Return of the (brilliant) native: Jeremy Denk and Pro Musica

Jeremy Denk

We’re only a few weeks into 2020, but pianists appearing here for the rest of the year will be hard-pressed to match the virtuosity, intelligence, and joy that Las Cruces-reared Jeremy Denk brought to Santa Fe Pro Musica’s Journeys concert on Jan. 25.

Denk was the impressive soloist in Felix Mendelssohn’s Piano Concerto No. 1 in G Minor and, in a last-minute change of plans, Mozart’s Piano Concerto No. 19 in F Major, which replaced Robert Schumann’s Concert Allegro with Introduction. The switch created the opportunity to hear one of today’s most acclaimed pianists in a wider variety of styles and resulted in a better-sequenced program, which was led by Pro Musica music director Thomas O’Connor.

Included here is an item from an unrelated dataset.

(* Let $\mathfrak{S}=(\mathcal{X},\mathsf{S},\gamma,(\Lambda_{a})_{a\in\mathcal{A}})$ be a spectral decomposition system for the Euclidean space $\mathfrak{H}$. Let $D$ be a nonempty $\mathsf{S}$-invariant subset of $\mathcal{X}$, let $\psi\in\Gamma_0(\mathcal{X})$ be an $\mathsf{S}$-invariant Legendre function such that $D\cap\operatorname{dom}\psi\neq\varnothing$, and let $X\in\mathfrak{H}$. Then: (i) $\operatorname{dist}_{\gamma^{-1}(D)}^{\psi\circ\gamma}(X)=\operatorname{dist}_D^{\psi}(\gamma(X))$; (ii) for every $Z\in\mathfrak{H}$: $Z\in\operatorname{Proj}_{\gamma^{-1}(D)}^{\psi\circ\gamma}X$ if and only if $\gamma(Z)\in\operatorname{Proj}_{D}^{\psi}\gamma(X)$ and there exists $a\in\mathcal{A}$ with $X=\Lambda_a\gamma(X)$ and $Z=\Lambda_a\gamma(Z)$; (iii) $\operatorname{Proj}_{\gamma^{-1}(D)}^{\psi\circ\gamma}X=\{\Lambda_az: z\in\operatorname{Proj}_D^{\psi}\gamma(X),\ a\in\mathcal{A}_X\}$; (iv) $\operatorname{Proj}_{\gamma^{-1}(D)}^{\psi\circ\gamma}X$ is a singleton if and only if $\operatorname{Proj}_D^{\psi}\gamma(X)$ is a singleton.
   Context: A Euclidean space is a finite-dimensional real inner product space; inner products are written $\langle\cdot,\cdot\rangle$ and norms $\|\cdot\|$. Let $\mathfrak{H}$ and $\mathcal{X}$ be Euclidean spaces, let $\mathsf{S}$ be a group acting on $\mathcal{X}$ by linear isometries, let $\gamma\colon\mathfrak{H}\to\mathcal{X}$, and let $(\Lambda_a)_{a\in\mathcal{A}}$ be a family of linear operators from $\mathcal{X}$ to $\mathfrak{H}$. The orbit of $x$ is $\mathsf{S}\cdot x=\{s\cdot x: s\in\mathsf{S}\}$; a map $f$ on $\mathcal{X}$ is $\mathsf{S}$-invariant if $f(s\cdot x)=f(x)$ for all $s,x$; a set $D$ is $\mathsf{S}$-invariant if $s\cdot x\in D$ for all $x\in D$, $s\in\mathsf{S}$. The tuple is a spectral decomposition system for $\mathfrak{H}$ if: [A] every $\Lambda_a$ is an isometry; [B] there exists an $\mathsf{S}$-invariant $\tau\colon\mathcal{X}\to\mathcal{X}$ with $\tau(x)\in\mathsf{S}\cdot x$ for all $x$ and $\gamma\circ\Lambda_a=\tau$ for all $a$; [C] for every $X\in\mathfrak{H}$ there is $a$ with $X=\Lambda_a\gamma(X)$; [D] $\langle X,Y\rangle\leq\langle\gamma(X),\gamma(Y)\rangle$ for all $X,Y\in\mathfrak{H}$. For $X\in\mathfrak{H}$, $\mathcal{A}_X=\{a\in\mathcal{A}: X=\Lambda_a\gamma(X)\}$. $\operatorname{dom}f=\{f<+\infty\}$; $\Gamma_0(\mathcal{H})$ is the set of proper lower semicontinuous convex functions $\mathcal{H}\to\left]-\infty,+\infty\right]$; $\partial g(x)=\{u:\langle z-x,u\rangle+g(x)\leq g(z)\ \forall z\}$. A function $g\in\Gamma_0(\mathcal{H})$ is Legendre if $\partial g(x)$ has at most one element for every $x$ and $g$ is strictly convex on every convex subset of $\{x:\partial g(x)\neq\varnothing\}$. ($\psi\circ\gamma$ is a Legendre function on $\mathfrak{H}$ under the stated hypotheses.) For Legendre $g$: $D_g(y,x)=g(y)-g(x)-\langle y-x,\nabla g(x)\rangle$ if $x\in\operatorname{int}\operatorname{dom}g$ and $+\infty$ otherwise; for $f$ with $\operatorname{dom}f\cap\operatorname{dom}g\neq\varnothing$, $\operatorname{env}_f^g(x)=\inf_y(f(y)+D_g(y,x))$ and $\operatorname{Prox}_f^gx=\operatorname{Argmin}(f+D_g(\cdot,x))$ (set of minimizers if the infimum is $<+\infty$, else $\varnothing$). For a set $C$ with $C\cap\operatorname{dom}g\neq\varnothing$, with $\iota_C$ the indicator function ($0$ on $C$, $+\infty$ off $C$): $\operatorname{dist}_C^g=\operatorname{env}_{\iota_C}^g$ and $\operatorname{Proj}_C^g=\operatorname{Prox}_{\iota_C}^g$. *)

theory Defs
  imports "HOL-Analysis.Analysis"
begin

The program change moved Haydn’s Symphony No. 104 in D Major from finale to first up, and it took a little while to truly coalesce. The opening fast movement felt leaden and the subsequent andante could have benefited from a bit more charm and sense of forward motion. The minuet and trio that form the third movement were nicely energized, with the minuet having an inviting rhythmic snap and the group’s excellent wind players highlighted in the trio. The final movement effectively embodied Haydn’s tempo marking of very fast and vivacious.

While Denk’s reputation for musical intelligence and keyboard skills is well deserved, what is most immediately striking about hearing and seeing him perform is his spontaneity. It’s the visceral sense that his music is being created on the spot, and that repeated passages are alive through slight variations in rhythm, phrasing, and dynamics.

The Mozart concerto was the high point of the concert as a result. It’s a terrific but seldom-played piece in which the composer created a sense of scope and significance using forces that seem modest on paper: no clarinets, trumpets, or drums in the orchestra, and just a single flute. The work includes many striking modulations to unusual keys — which were beautifully shaped by both player and orchestra — and the themes passed back and forth between them had a living, evolving “call-and-response” quality.

Denk is on record as saying he suffers from green and red chile withdrawal when he’s elsewhere for too long, and Santa Fe audiences can be forgiven for hoping another bout afflicts him soon.

Composer Melinda Wagner, who won the 1999 Pulitzer Prize in Music for her Concerto for Flute, Strings and Percussion, was present for her Little Moonhead: Three Tributaries Inspired by Brandenburg Concerto No. 4 by J.S. Bach. It’s one of the six “New Brandenburgs” that were commissioned by the Orpheus Chamber Orchestra between 2006 and 2010.

The piece successfully honored the spirit and structure of Bach’s great concerto grosso, in which a solo violin and two flutes are juxtaposed against a small group of strings and harpsichord, while offering

an impressive variety of appealing sonorities. Wagner’s only change to Bach’s orchestra was the addition of a celeste, which was used to great effect in the ethereal central movement, “Moon Ache.” The vigorous and challenging solo violin part was played with aplomb by Pro Musica concertmaster Stephen Redfield.

Mendelssohn wrote his first piano concerto at the age of 21, when he had fallen in love with a pianist and composer named Delphine von Schauroth. The romance fizzled out, but performing the concerto remained one of Mendelssohn’s calling cards for the rest of his short career. The piece is full of youthful exuberance and the soloist’s part makes extensive use of the additional octave that piano makers had just started adding to the evolving instrument’s upper register.

Like his later and better-known Violin Concerto in E Minor, this piano concerto reflects the composer’s fascination with linking the movements as seamlessly as possible. It also has some of the faults of youth in the welter of musical ideas that aren’t developed with much rigor. This keeps the concerto out of the top tier, but it makes for a very effective program finale, especially when rendered with as much energy and affection as it was here.

“Don’t get too excited,” Denk wryly admonished the audience when it started applauding his announcement that he’d like to play some Richard Wagner for an encore. He then launched into a rip-roaring transcription of the “Pilgrims’ Chorus” from the opera Tannhäuser, but not the well-known version by Franz Liszt. Instead, we got a highly syncopated one by the great American Jazz Age stride pianist Donald Lambert, who was known as the “Jersey Rocket” for his flamboyant playing. Musical and audience excitement both ensued.